▶ **Task objective**:
Take every line from the entries below that includes the word "unfolding" and copy it.

╔══

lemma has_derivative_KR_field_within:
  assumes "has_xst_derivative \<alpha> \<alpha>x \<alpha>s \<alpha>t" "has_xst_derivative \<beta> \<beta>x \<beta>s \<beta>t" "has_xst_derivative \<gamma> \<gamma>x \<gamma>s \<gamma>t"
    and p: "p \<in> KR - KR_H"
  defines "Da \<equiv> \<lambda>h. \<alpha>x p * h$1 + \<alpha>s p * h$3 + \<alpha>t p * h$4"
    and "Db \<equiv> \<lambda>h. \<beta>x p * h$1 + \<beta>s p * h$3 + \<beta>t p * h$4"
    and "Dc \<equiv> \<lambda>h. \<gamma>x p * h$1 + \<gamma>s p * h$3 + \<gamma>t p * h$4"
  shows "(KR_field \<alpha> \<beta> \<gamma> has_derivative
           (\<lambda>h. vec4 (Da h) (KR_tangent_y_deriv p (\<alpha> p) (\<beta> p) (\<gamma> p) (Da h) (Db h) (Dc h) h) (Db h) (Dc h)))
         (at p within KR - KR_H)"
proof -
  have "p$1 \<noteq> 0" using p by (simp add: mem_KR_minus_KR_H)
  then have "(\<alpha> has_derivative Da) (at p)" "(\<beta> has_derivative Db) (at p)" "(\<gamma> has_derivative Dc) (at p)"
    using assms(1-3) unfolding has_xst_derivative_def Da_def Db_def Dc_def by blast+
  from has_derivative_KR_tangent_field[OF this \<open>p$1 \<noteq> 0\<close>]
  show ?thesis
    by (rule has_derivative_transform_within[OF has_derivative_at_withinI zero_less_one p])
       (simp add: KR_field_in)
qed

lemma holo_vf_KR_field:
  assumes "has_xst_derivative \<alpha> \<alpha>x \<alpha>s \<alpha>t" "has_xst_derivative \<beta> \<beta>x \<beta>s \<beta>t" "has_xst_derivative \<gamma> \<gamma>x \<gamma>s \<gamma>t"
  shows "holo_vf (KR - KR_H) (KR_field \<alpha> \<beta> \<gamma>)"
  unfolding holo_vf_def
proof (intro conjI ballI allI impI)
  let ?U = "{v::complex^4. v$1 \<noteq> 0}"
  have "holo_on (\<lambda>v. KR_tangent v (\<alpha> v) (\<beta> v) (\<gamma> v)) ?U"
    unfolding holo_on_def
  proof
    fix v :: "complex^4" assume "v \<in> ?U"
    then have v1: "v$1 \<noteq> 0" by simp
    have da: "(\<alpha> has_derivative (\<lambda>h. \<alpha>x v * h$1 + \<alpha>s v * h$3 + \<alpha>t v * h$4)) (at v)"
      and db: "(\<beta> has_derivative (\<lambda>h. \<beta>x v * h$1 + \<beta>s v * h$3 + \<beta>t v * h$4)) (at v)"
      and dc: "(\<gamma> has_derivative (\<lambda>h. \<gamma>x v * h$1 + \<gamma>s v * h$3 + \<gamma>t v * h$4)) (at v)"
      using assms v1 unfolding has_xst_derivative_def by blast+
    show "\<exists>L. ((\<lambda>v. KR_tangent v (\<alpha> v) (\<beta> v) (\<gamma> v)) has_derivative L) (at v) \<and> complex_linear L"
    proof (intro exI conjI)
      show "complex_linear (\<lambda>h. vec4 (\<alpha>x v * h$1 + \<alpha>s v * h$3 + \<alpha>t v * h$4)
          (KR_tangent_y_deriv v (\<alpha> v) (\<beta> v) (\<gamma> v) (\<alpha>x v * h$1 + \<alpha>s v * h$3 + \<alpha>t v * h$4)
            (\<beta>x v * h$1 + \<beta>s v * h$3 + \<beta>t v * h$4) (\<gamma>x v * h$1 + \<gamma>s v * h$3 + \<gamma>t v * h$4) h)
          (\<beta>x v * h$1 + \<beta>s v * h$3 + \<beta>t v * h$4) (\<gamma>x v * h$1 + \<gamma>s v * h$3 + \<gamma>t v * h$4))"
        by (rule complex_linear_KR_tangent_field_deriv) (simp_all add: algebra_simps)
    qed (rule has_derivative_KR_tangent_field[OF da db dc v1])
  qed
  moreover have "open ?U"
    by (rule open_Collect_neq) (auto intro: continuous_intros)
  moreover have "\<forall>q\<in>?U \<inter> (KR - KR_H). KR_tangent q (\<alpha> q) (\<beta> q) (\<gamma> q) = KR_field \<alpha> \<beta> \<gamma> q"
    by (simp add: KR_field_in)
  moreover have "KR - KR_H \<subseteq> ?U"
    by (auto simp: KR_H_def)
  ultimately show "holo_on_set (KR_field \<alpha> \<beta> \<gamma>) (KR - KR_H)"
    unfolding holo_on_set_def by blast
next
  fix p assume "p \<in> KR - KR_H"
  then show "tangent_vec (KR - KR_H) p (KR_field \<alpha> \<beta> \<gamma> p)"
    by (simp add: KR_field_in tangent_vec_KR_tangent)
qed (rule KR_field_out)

╚══

▶ **Solution to this problem**:
    using assms(1-3) unfolding has_xst_derivative_def Da_def Db_def Dc_def by blast+
  unfolding holo_vf_def
    unfolding holo_on_def
      using assms v1 unfolding has_xst_derivative_def by blast+
    unfolding holo_on_set_def by blast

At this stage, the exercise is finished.